> _Provided material_:
lemma has_derivative_inv_unit:
  assumes a: "a \<in> units"
  shows "(inv_unit has_derivative (\<lambda>v. - mult (mult (inv_unit a) v) (inv_unit a))) (at a)"
proof -
  define b where "b = inv_unit a"
  define K where "K = mult_bound"
  obtain r0 where "r0 > 0" "ball a r0 \<subseteq> units"
    using open_units a openE by blast
  define q where "q = 2 * K * K * (norm b + 1)"
  have "q > 0"
    using mult_bound_pos by (simp add: q_def K_def add_nonneg_pos)
  define r where "r = min r0 (1 / q)"
  have "r > 0"
    using \<open>r0 > 0\<close> \<open>q > 0\<close> by (simp add: r_def)
  show ?thesis
    unfolding b_def[symmetric]
  proof (rule has_derivative_if_quadratic_remainder[where M = "2 * K ^ 4 * norm b ^ 3"])
    show "bounded_linear (\<lambda>v. - mult (mult b v) b)"
      by (intro bounded_linear_minus bounded_linear_compose[OF mult_bil.bounded_linear_left]
          mult_bil.bounded_linear_right)
    show "r > 0" by fact
    fix y assume y: "norm (y - a) < r"
    define h where "h = y - a"
    have "y \<in> units"
      using y \<open>ball a r0 \<subseteq> units\<close> by (auto simp: r_def dist_norm norm_minus_commute)
    have "norm h * q < 1"
      using y pos_less_divide_eq[OF \<open>q > 0\<close>] by (simp add: r_def h_def)
    then have "2 * (K * K * (norm b + 1) * norm h) < 1"
      by (simp add: q_def algebra_simps)
    moreover have "K * K * norm h * norm b \<le> K * K * (norm b + 1) * norm h"
      using mult_bound_pos by (simp add: K_def algebra_simps)
    ultimately have "K * K * norm h * norm b \<le> 1 / 2"
      by linarith
    then have norm_inv_y: "norm (inv_unit y) \<le> 2 * norm b"
      using norm_inv_unit_le[OF a \<open>y \<in> units\<close>] by (simp add: K_def b_def h_def)
    have "norm (inv_unit y - b - - mult (mult b h) b)
        = norm (mult (mult (mult (mult (inv_unit y) h) b) h) b)"
      using inv_unit_diff_second_order[OF a \<open>y \<in> units\<close>] by (simp add: b_def h_def)
    also have "\<dots> \<le> K * (K * (K * (K * norm (inv_unit y) * norm h) * norm b) * norm h) * norm b"
      unfolding K_def by (intro norm_mult_le_of_le order_refl)
    also have "\<dots> = K ^ 4 * norm (inv_unit y) * norm b ^ 2 * (norm h)\<^sup>2"
      by (simp add: power2_eq_square power4_eq_xxxx)
    also have "\<dots> \<le> K ^ 4 * (2 * norm b) * norm b ^ 2 * (norm h)\<^sup>2"
      using norm_inv_y by (intro mult_right_mono mult_left_mono) auto
    also have "\<dots> = 2 * K ^ 4 * norm b ^ 3 * (norm h)\<^sup>2"
      by (simp add: power2_eq_square power3_eq_cube)
    finally show "norm (inv_unit y - inv_unit a - - mult (mult b (y - a)) b)
        \<le> 2 * K ^ 4 * norm b ^ 3 * (norm (y - a))\<^sup>2"
      by (simp add: b_def h_def)
  qed
qed

inductive_set rational_maps :: "('a \<Rightarrow> 'a) set" where
  const: "(\<lambda>a. c) \<in> rational_maps"
| inverse: "inv_unit \<in> rational_maps"
| product: "f \<in> rational_maps \<Longrightarrow> g \<in> rational_maps \<Longrightarrow> (\<lambda>a. mult (f a) (g a)) \<in> rational_maps"
| sum: "f \<in> rational_maps \<Longrightarrow> g \<in> rational_maps \<Longrightarrow> (\<lambda>a. f a + g a) \<in> rational_maps"

lemma rational_maps_derivative:
  assumes "f \<in> rational_maps"
  shows "\<exists>D. (\<forall>x\<in>units. (f has_derivative D x) (at x)) \<and> (\<forall>v. (\<lambda>x. D x v) \<in> rational_maps)"
  using assms
proof induction
  case (const c)
  show ?case
    by (intro exI[of _ "\<lambda>x v. 0"]) (auto intro: rational_maps.const)
next
  case inverse
  have "(\<lambda>x. - mult (mult (inv_unit x) v) (inv_unit x)) = (\<lambda>x. mult (mult (inv_unit x) (- v)) (inv_unit x))"
    for v by (simp add: mult_bil.minus_left mult_bil.minus_right)
  then show ?case
    using has_derivative_inv_unit rational_maps.intros
    by (intro exI[of _ "\<lambda>x v. - mult (mult (inv_unit x) v) (inv_unit x)"]) auto
next
  case (product f g)
  then obtain Df Dg
    where Df: "\<forall>x\<in>units. (f has_derivative Df x) (at x)" "\<forall>v. (\<lambda>x. Df x v) \<in> rational_maps"
      and Dg: "\<forall>x\<in>units. (g has_derivative Dg x) (at x)" "\<forall>v. (\<lambda>x. Dg x v) \<in> rational_maps"
    by blast
  show ?case
  proof (intro exI[of _ "\<lambda>x v. mult (f x) (Dg x v) + mult (Df x v) (g x)"] conjI ballI allI)
    show "((\<lambda>a. mult (f a) (g a)) has_derivative (\<lambda>v. mult (f x) (Dg x v) + mult (Df x v) (g x))) (at x)"
      if "x \<in> units" for x
      using mult_bil.FDERIV Df(1) Dg(1) that by blast
    show "(\<lambda>x. mult (f x) (Dg x v) + mult (Df x v) (g x)) \<in> rational_maps" for v
      using rational_maps.sum[OF rational_maps.product[OF product.hyps(1) Dg(2)[rule_format]]
          rational_maps.product[OF Df(2)[rule_format] product.hyps(2)]] .
  qed
next
  case (sum f g)
  then obtain Df Dg
    where Df: "\<forall>x\<in>units. (f has_derivative Df x) (at x)" "\<forall>v. (\<lambda>x. Df x v) \<in> rational_maps"
      and Dg: "\<forall>x\<in>units. (g has_derivative Dg x) (at x)" "\<forall>v. (\<lambda>x. Dg x v) \<in> rational_maps"
    by blast
  then show ?case
    by (intro exI[of _ "\<lambda>x v. Df x v + Dg x v"])
      (auto intro: has_derivative_add rational_maps.sum)
qed

lemma smooth_on_inv_unit: "smooth_on units inv_unit"
  using open_units rational_maps_derivative rational_maps.inverse
  by (rule smooth_on_derivative_closed_family)

lemma lie_group_on_units:
  assumes "smooth_on (units \<times> units) (\<lambda>(a, b). mult a b)"
  shows "lie_group_on units mult u"
  unfolding lie_group_on_def
  by (intro conjI ballI exI[of _ inv_unit] open_units unit_in_units mult_in_units assms
      smooth_on_inv_unit)
    (simp_all add: assoc mult_unit_left mult_unit_right inv_unit inv_unit_in_units)

lemma tangent_lie_bracket_eq: "tangent_lie_bracket mult u x y = mult x y - mult y x"
proof -
  have "vector_derivative (\<lambda>s. vector_derivative (\<lambda>t. mult (u + s *\<^sub>R x) (u + t *\<^sub>R y)) (at 0)) (at 0)
      = mult x y" for x y
  proof -
    have "((\<lambda>t. mult (u + s *\<^sub>R x) (u + t *\<^sub>R y)) has_vector_derivative y + s *\<^sub>R mult x y) (at 0)"
      for s
      by (auto intro!: derivative_eq_intros mult_bil.has_vector_derivative
          simp: mult_bil.add_left mult_bil.scaleR_left mult_bil.zero_left mult_unit_left)
    then have "vector_derivative (\<lambda>t. mult (u + s *\<^sub>R x) (u + t *\<^sub>R y)) (at 0) = y + s *\<^sub>R mult x y"
      for s
      using vector_derivative_at by blast
    moreover have "((\<lambda>s. y + s *\<^sub>R mult x y) has_vector_derivative mult x y) (at 0)"
      by (auto intro!: derivative_eq_intros)
    ultimately show ?thesis
      using vector_derivative_at by simp
  qed
  then show ?thesis
    unfolding tangent_lie_bracket_def by simp
qed

end
lemma product_twist_cases:
  assumes inv: "group_involution G st" and tw: "twists G st (x \<otimes> x)"
    and x: "x \<in> carrier G" and w: "w \<in> carrier G" "w' \<in> carrier G" "w' \<noteq> w"
    and pw: "(x \<otimes> x) \<otimes> w = w' \<otimes> (x \<otimes> x)"
  shows "x \<otimes> w = st w \<otimes> st x \<or> x \<otimes> w' = st w \<otimes> st x"
proof (cases "st (x \<otimes> w) = x \<otimes> w")
  case True
  then show ?thesis
    using group_involution_mult[OF inv x w(1)] by simp
next
  case False
  have sx: "st x \<in> carrier G" "st w \<in> carrier G"
    using group_involution_closed[OF inv] x w by auto
  have pxw: "(x \<otimes> x) \<otimes> (x \<otimes> w) = (x \<otimes> w') \<otimes> (x \<otimes> x)"
    using x w pw by (simp add: m_assoc[symmetric]) (simp add: m_assoc)
  have "(x \<otimes> x) \<otimes> (x \<otimes> w) = (x \<otimes> w) \<otimes> (x \<otimes> x)
      \<or> (x \<otimes> x) \<otimes> (x \<otimes> w) = st (x \<otimes> w) \<otimes> (x \<otimes> x)"
    using tw False x w unfolding twists_def by blast
  moreover have "(x \<otimes> x) \<otimes> (x \<otimes> w) \<noteq> (x \<otimes> w) \<otimes> (x \<otimes> x)"
    using pxw x w by simp
  ultimately have "(x \<otimes> w') \<otimes> (x \<otimes> x) = (st w \<otimes> st x) \<otimes> (x \<otimes> x)"
    using pxw group_involution_mult[OF inv x w(1)] by simp
  then show ?thesis
    using x w sx by simp
qed

text \<open>Otherwise p y = y* p and p y* = y p, and the twisting property applied to x y and x y*
  forces y = y*.\<close>
lemma square_commute_if_twists:
  assumes inv: "group_involution G st" and tw: "twists G st (x \<otimes> x)"
    and x: "x \<in> carrier G" and sq: "st x \<otimes> st x = x \<otimes> x"
    and y: "y \<in> carrier G" "st y \<noteq> y"
  shows "(x \<otimes> x) \<otimes> y = y \<otimes> (x \<otimes> x)"
proof (rule ccontr)
  let ?p = "x \<otimes> x"
  have sx: "st x \<in> carrier G" and sy: "st y \<in> carrier G" "st (st y) = y"
    using x y group_involution_closed[OF inv] group_involution_involutive[OF inv] by auto
  assume ne: "?p \<otimes> y \<noteq> y \<otimes> ?p"
  then have py: "?p \<otimes> y = st y \<otimes> ?p"
    using tw y unfolding twists_def by blast
  have "?p \<otimes> st y \<noteq> st y \<otimes> ?p"
  proof
    assume "?p \<otimes> st y = st y \<otimes> ?p"
    with py have "?p \<otimes> st y = ?p \<otimes> y" by simp
    then show False
      using x y sy by simp
  qed
  then have psy: "?p \<otimes> st y = y \<otimes> ?p"
    using tw y sy unfolding twists_def by fastforce
  have A: "x \<otimes> y = st y \<otimes> st x \<or> x \<otimes> st y = st y \<otimes> st x"
    using product_twist_cases[OF inv tw x y(1) sy(1)] y py by auto
  have B: "x \<otimes> st y = y \<otimes> st x \<or> x \<otimes> y = y \<otimes> st x"
    using product_twist_cases[OF inv tw x sy(1) y(1)] y sy psy by auto
  have "x \<otimes> y \<noteq> y \<otimes> st x"
    using square_commute_if_twisted[OF x y(1) y(1) sx _ _ sq] ne by auto
  with B have B': "x \<otimes> st y = y \<otimes> st x" by blast
  with A have "x \<otimes> st y = st y \<otimes> st x"
    using square_commute_if_twisted[OF x y(1) sy(1) sx _ _ sq] ne by auto
  with B' have "y \<otimes> st x = st y \<otimes> st x" by simp
  then show False
    using y sy sx by simp
qed

end

locale anticommutative_group_ring = group G for G (structure) +
  fixes st :: "'a \<Rightarrow> 'a" and \<sigma> :: "'a \<Rightarrow> 'r::comm_ring_1"
  assumes two_neq_zero: "(2::'r) \<noteq> 0"
    and involution: "group_involution G st"
    and unit_hom: "unit_hom G \<sigma>"
    and anticommutative: "anticommutative G (S_span G st \<sigma>)"
begin

abbreviation S where "S \<equiv> S_span G st \<sigma>"

definition sym_pair :: "'a \<Rightarrow> 'a \<Rightarrow> 'r" where
  "sym_pair x = rg_add (rg_delta x) (rg_smult (\<sigma> x) (rg_delta (st x)))"

lemma sym_pair_in_S: "x \<in> carrier G \<Longrightarrow> st x \<noteq> x \<Longrightarrow> sym_pair x \<in> S"
  unfolding sym_pair_def by (rule S_span.gen) (auto simp: S_gens_def sym_elems_def)

lemma sym_pair_apply:
  "st x \<noteq> x \<Longrightarrow> sym_pair x v = (if v = x then 1 else 0) + \<sigma> x * (if v = st x then 1 else 0)"
  by (simp add: sym_pair_def rg_add_def rg_smult_def rg_delta_def)

lemma sym_pair_mult:
  assumes "x \<in> carrier G" "st x \<noteq> x" "z \<in> carrier G"
  shows "rg_mult G (sym_pair x) b z = b (inv x \<otimes> z) + \<sigma> x * b (inv (st x) \<otimes> z)"
  unfolding sym_pair_def
  using assms group_involution_closed[OF involution]
  by (intro rg_mult_delta_add_smult_delta) auto

lemma two_delta_in_S:
  assumes "p \<in> carrier G" "st p = p" "2 * (1 - \<sigma> p) = 0"
  shows "rg_smult 2 (rg_delta p) \<in> S"
proof (rule S_span.gen)
  show "rg_smult 2 (rg_delta p) \<in> S_gens G st \<sigma>"
    using assms unfolding S_gens_def sym_elems_def ker_sigma_def by (cases "\<sigma> p = 1") blast+
qed

text \<open>Anticommutativity of 2\<cdot>1 and x + \<sigma>(x)x*, read at x.\<close>
lemma four_eq_zero:
  assumes x: "x \<in> carrier G" "st x \<noteq> x"
  shows "(4::'r) = 0"
proof -
  have sx: "st x \<in> carrier G"
    using x group_involution_closed[OF involution] by auto
  have "rg_smult 2 (rg_delta \<one>) \<in> S"
    using two_delta_in_S group_involution_one[OF involution] unit_hom_one[OF unit_hom] by simp
  then have "rg_mult G (rg_smult 2 (rg_delta \<one>)) (sym_pair x) x
      + rg_mult G (sym_pair x) (rg_smult 2 (rg_delta \<one>)) x = 0"
    using anticommutativeD[OF anticommutative _ sym_pair_in_S[OF x]] by blast
  moreover have "rg_mult G (rg_smult 2 (rg_delta \<one>)) (sym_pair x) x = 2"
    using x by (simp add: rg_mult_smult_delta sym_pair_apply)
  moreover have "inv (st x) \<otimes> x \<noteq> \<one>"
    using x sx by (simp add: inv_solve_left')
  then have "rg_mult G (sym_pair x) (rg_smult 2 (rg_delta \<one>)) x = 2"
    using x by (simp add: sym_pair_mult rg_smult_def rg_delta_def)
  ultimately show ?thesis
    by simp
qed

text \<open>Anticommutativity of x + \<sigma>(x)x* with itself, read at x x.\<close>
lemma sym_pair_square_coeff:
  assumes x: "x \<in> carrier G" "st x \<noteq> x"
  shows "2 * (1 + \<sigma> x * (\<sigma> x * (if st x \<otimes> st x = x \<otimes> x then 1 else 0))) = 0"
proof -
  let ?w = "inv (st x) \<otimes> (x \<otimes> x)"
  have sx: "st x \<in> carrier G"
    using x group_involution_closed[OF involution] by auto
  have "?w \<noteq> x"
  proof
    assume "?w = x"
    then have "x \<otimes> x = st x \<otimes> x"
      using x sx by (simp add: inv_solve_left')
    then show False
      using x sx by simp
  qed
  moreover have "?w = st x \<longleftrightarrow> st x \<otimes> st x = x \<otimes> x"
    using x sx by (auto simp: inv_solve_left')
  ultimately have "sym_pair x ?w = \<sigma> x * (if st x \<otimes> st x = x \<otimes> x then 1 else 0)"
    unfolding sym_pair_apply[OF x(2)] by simp
  moreover have "sym_pair x (inv x \<otimes> (x \<otimes> x)) = 1"
    using x by (simp add: sym_pair_apply m_assoc[symmetric])
  ultimately have "rg_mult G (sym_pair x) (sym_pair x) (x \<otimes> x)
      = 1 + \<sigma> x * (\<sigma> x * (if st x \<otimes> st x = x \<otimes> x then 1 else 0))"
    using x by (simp add: sym_pair_mult)
  moreover have "rg_mult G (sym_pair x) (sym_pair x) (x \<otimes> x)
      + rg_mult G (sym_pair x) (sym_pair x) (x \<otimes> x) = 0"
    using anticommutativeD[OF anticommutative sym_pair_in_S[OF x] sym_pair_in_S[OF x]] .
  ultimately show ?thesis
    by (metis mult_2)
qed

lemma star_square_eq:
  assumes "x \<in> carrier G" "st x \<noteq> x"
  shows "st x \<otimes> st x = x \<otimes> x"
proof (rule ccontr)
  assume "st x \<otimes> st x \<noteq> x \<otimes> x"
  then show False
    using sym_pair_square_coeff[OF assms] two_neq_zero by simp
qed

lemma two_delta_square_in_S:
  assumes x: "x \<in> carrier G" "st x \<noteq> x"
  shows "rg_smult 2 (rg_delta (x \<otimes> x)) \<in> S"
proof (rule two_delta_in_S)
  show "x \<otimes> x \<in> carrier G"
    using x by simp
  show "st (x \<otimes> x) = x \<otimes> x"
    using group_involution_mult[OF involution x(1) x(1)] star_square_eq[OF x] by simp
  have "\<sigma> (x \<otimes> x) = \<sigma> x * \<sigma> x"
    using x unit_hom unfolding unit_hom_def by blast
  then have "2 * (1 - \<sigma> (x \<otimes> x)) = 2 * (1 + \<sigma> x * \<sigma> x) - 4 * (\<sigma> x * \<sigma> x)"
    by (simp add: algebra_simps)
  also have "\<dots> = 0"
    using sym_pair_square_coeff[OF x] four_eq_zero[OF x] unfolding star_square_eq[OF x] by simp
  finally show "2 * (1 - \<sigma> (x \<otimes> x)) = 0" .
qed

text \<open>Anticommuting 2p with v + \<sigma>(v)v*, the coefficient of p v is 2 on one side and vanishes
  on the other unless p v \<in> {v p, v* p}.\<close>
lemma twists_if_two_delta_in_S:
  assumes p: "p \<in> carrier G" and S: "rg_smult 2 (rg_delta p) \<in> S"
  shows "twists G st p"
  unfolding twists_def
proof (intro ballI impI, rule ccontr)
  fix v assume v: "v \<in> carrier G" "st v \<noteq> v"
    and "\<not> (p \<otimes> v = v \<otimes> p \<or> p \<otimes> v = st v \<otimes> p)"
  moreover have sv: "st v \<in> carrier G"
    using v group_involution_closed[OF involution] by auto
  ultimately have "inv v \<otimes> (p \<otimes> v) \<noteq> p" "inv (st v) \<otimes> (p \<otimes> v) \<noteq> p"
    using p by (simp_all add: inv_solve_left')
  then have "rg_mult G (sym_pair v) (rg_smult 2 (rg_delta p)) (p \<otimes> v) = 0"
    using p v by (simp add: sym_pair_mult rg_smult_def rg_delta_def)
  moreover have "inv p \<otimes> (p \<otimes> v) = v"
    using p v by (simp add: inv_solve_left')
  then have "rg_mult G (rg_smult 2 (rg_delta p)) (sym_pair v) (p \<otimes> v) = 2"
    using p v by (simp add: rg_mult_smult_delta sym_pair_apply)
  ultimately show False
    using anticommutativeD[OF anticommutative S sym_pair_in_S[OF v(1,2)], of "p \<otimes> v"] two_neq_zero
    by simp
qed

lemma gcomm_square_eq_one:
  assumes x: "x \<in> carrier G" "st x \<noteq> x" and y: "y \<in> carrier G" "st y \<noteq> y"
  shows "gcomm G (x \<otimes> x) y = \<one>"
proof -
  have "twists G st (x \<otimes> x)"
    using twists_if_two_delta_in_S[OF _ two_delta_square_in_S[OF x]] x by simp
  then have "(x \<otimes> x) \<otimes> y = y \<otimes> (x \<otimes> x)"
    using square_commute_if_twists[OF involution _ x(1) star_square_eq[OF x] y] by simp
  then show ?thesis
    using gcomm_eq_one_if_commute x y by simp
qed

end
lemma dag_mass_few_sources_error:
  fixes X :: real
  assumes L: "1 \<le> ln X" and M: "1 \<le> X / (20 * ln X)" and "X \<le> n" and err: "first_level_error X \<le> 1"
  shows "dag_mass n (1 / (X - 1)) (\<lambda>G. real (h1 n G) < X / (20 * ln X))
    \<le> dag_mass n (1 / (X - 1)) (\<lambda>_. True) * first_level_error X"
proof -
  define M where "M = X / (20 * ln X)"
  define m where "m = nat \<lfloor>M\<rfloor>"
  define q where "q = 1 / (X - 1)"
  define t where "t = first_level_rate X"
  have X: "20 \<le> X" using L M by (simp add: field_simps)
  have q: "0 < q" using X by (simp add: q_def)
  have mM: "real m \<le> M" "M < m + 1" using M unfolding m_def M_def by linarith+
  have t: "t = 4 * (M + 1) * q" unfolding t_def first_level_rate_def M_def q_def by simp
  have "M \<le> X / 20" unfolding M_def using L X by (intro divide_left_mono) auto
  then have "real (2 * m + 1) \<le> X / 10 + 1" using mM by simp
  then have un: "2 * m + 1 \<le> n" using X assms(3) by linarith
  have "real ((2 * m + 1) * (2 * m + 1)) \<le> 4 * real (m + 1) * real (m + 1)"
    by (simp add: algebra_simps)
  then have "real ((2 * m + 1) * (2 * m + 1)) * q \<le> real (m + 1) * (4 * real (m + 1) * q)"
    using mult_right_mono[of _ _ q] q by (simp add: mult_ac)
  also have "\<dots> \<le> real (m + 1) * t" unfolding t using mM q by (intro mult_left_mono) auto
  also have "\<dots> = real (2 * m + 1 - m) * t" by (simp add: add.commute)
  finally have rate: "real ((2 * m + 1) * (2 * m + 1)) * q \<le> real (2 * m + 1 - m) * t" .
  have "dag_mass n q (\<lambda>G. h1 n G \<le> m)
      \<le> dag_mass n q (\<lambda>_. True) * (exp 1 * t * exp t) ^ (2 * m + 1 - m)"
    by (rule dag_mass_few_sources_le[OF _ _ un rate]) (use q in auto)
  also have "\<dots> \<le> dag_mass n q (\<lambda>_. True) * first_level_error X"
    using q err mM unfolding first_level_error_def t_def[symmetric]
    by (intro mult_left_mono power_le_self dag_mass_nonneg) (auto simp: t)
  finally have "dag_mass n q (\<lambda>G. h1 n G \<le> m) \<le> dag_mass n q (\<lambda>_. True) * first_level_error X" .
  moreover have "dag_mass n q (\<lambda>G. real (h1 n G) < M) \<le> dag_mass n q (\<lambda>G. h1 n G \<le> m)"
    using q unfolding m_def by (intro dag_mass_mono) linarith+
  ultimately show ?thesis unfolding q_def M_def by linarith
qed

lemma second_level_base_le_1:
  assumes "1 \<le> ln X" "0 \<le> second_level_rate X" "second_level_error X \<le> 1"
  shows "exp 1 * second_level_rate X * exp (second_level_rate X) \<le> 1"
proof -
  let ?E = "exp 1 * second_level_rate X * exp (second_level_rate X)"
  have "1 \<le> (40 * ln X) ^ 4" using assms(1) by (intro one_le_power) simp
  then have "?E ^ 3 \<le> (40 * ln X) ^ 4 * ?E ^ 3"
    using mult_right_mono[of 1 "(40 * ln X) ^ 4" "?E ^ 3"] assms(2) by simp
  then have "?E ^ 3 \<le> 1" using assms(3) unfolding second_level_error_def by linarith
  then show ?thesis using power_le_one_iff[of ?E 3] assms(2) by simp
qed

> _What to produce_: Copy all lines from the material that hold "text".

> _Result_:
text \<open>Otherwise p y = y* p and p y* = y p, and the twisting property applied to x y and x y*
text \<open>Anticommutativity of 2\<cdot>1 and x + \<sigma>(x)x*, read at x.\<close>
text \<open>Anticommutativity of x + \<sigma>(x)x* with itself, read at x x.\<close>
text \<open>Anticommuting 2p with v + \<sigma>(v)v*, the coefficient of p v is 2 on one side and vanishes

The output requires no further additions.